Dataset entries
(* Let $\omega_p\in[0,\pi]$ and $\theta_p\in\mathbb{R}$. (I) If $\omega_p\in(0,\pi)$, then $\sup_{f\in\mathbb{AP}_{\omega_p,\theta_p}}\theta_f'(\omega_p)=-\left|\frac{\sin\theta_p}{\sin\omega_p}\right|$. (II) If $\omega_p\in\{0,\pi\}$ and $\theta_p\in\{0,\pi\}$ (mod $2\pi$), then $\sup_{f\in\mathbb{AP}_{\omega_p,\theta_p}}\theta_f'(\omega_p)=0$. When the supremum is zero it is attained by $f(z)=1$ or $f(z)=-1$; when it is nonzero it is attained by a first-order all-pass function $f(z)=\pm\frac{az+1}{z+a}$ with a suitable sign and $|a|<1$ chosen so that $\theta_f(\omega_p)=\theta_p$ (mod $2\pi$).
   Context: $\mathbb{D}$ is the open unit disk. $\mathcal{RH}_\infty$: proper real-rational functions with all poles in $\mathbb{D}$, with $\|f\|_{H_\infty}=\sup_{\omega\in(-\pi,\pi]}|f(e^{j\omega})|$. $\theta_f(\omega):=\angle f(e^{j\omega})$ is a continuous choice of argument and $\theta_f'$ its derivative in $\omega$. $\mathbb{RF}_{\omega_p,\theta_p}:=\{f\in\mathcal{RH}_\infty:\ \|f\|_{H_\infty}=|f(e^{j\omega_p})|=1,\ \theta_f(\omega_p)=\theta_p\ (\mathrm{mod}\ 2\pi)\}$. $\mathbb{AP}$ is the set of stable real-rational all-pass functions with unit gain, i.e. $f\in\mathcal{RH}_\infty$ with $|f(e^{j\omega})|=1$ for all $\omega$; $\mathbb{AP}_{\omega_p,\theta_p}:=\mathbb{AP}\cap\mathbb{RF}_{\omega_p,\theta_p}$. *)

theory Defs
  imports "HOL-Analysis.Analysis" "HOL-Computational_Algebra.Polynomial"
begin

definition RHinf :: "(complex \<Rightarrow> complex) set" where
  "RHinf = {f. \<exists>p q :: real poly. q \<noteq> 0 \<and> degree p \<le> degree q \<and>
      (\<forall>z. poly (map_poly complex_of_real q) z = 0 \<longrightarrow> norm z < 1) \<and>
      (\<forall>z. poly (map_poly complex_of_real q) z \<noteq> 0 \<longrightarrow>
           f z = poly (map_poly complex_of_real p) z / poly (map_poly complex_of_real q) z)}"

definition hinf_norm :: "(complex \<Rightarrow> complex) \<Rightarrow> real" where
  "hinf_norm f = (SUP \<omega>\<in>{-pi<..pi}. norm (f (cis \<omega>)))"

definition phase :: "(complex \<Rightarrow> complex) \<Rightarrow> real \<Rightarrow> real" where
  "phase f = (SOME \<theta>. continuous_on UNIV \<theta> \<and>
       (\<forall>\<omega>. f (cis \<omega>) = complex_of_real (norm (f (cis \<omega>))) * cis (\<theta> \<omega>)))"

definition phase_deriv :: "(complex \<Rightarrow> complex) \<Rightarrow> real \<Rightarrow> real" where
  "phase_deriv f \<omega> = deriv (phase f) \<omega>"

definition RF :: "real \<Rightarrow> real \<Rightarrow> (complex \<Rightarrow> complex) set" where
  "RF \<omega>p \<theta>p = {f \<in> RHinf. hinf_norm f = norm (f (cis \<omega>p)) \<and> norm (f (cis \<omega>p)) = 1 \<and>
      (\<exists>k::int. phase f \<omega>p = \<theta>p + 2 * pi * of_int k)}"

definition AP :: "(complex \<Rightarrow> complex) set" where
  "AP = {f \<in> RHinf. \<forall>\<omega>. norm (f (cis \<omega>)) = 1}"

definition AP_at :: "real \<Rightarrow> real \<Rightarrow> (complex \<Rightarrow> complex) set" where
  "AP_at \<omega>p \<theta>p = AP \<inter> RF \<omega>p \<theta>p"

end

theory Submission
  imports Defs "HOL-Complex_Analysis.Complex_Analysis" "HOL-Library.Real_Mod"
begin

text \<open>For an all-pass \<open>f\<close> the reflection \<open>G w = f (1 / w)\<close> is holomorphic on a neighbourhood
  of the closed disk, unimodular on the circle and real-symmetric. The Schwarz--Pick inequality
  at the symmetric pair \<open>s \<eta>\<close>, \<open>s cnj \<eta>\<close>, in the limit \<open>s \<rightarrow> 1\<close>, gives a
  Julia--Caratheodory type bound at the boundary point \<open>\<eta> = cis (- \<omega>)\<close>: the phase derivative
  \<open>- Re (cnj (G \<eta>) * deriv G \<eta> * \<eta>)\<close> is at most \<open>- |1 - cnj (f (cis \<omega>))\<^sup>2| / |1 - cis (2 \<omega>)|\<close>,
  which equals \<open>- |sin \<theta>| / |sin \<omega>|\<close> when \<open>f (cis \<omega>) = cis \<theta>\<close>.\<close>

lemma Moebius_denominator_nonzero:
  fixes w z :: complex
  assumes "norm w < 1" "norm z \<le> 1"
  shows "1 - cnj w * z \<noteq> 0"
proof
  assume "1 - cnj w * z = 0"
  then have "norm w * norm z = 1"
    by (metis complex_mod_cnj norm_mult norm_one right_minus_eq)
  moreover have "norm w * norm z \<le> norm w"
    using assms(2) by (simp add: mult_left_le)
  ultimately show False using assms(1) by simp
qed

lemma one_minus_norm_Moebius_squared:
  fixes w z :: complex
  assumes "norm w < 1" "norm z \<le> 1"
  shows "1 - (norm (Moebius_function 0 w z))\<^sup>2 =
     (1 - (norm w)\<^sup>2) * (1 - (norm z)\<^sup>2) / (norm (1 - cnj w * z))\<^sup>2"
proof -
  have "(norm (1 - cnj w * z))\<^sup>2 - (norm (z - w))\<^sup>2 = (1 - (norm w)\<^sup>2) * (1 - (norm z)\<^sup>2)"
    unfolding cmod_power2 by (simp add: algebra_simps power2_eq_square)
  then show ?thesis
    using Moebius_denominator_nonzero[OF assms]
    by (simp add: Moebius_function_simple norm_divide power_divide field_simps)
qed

## Work required
Tally the lines above that contain "with"; give only the number.

## Response for this exercise
2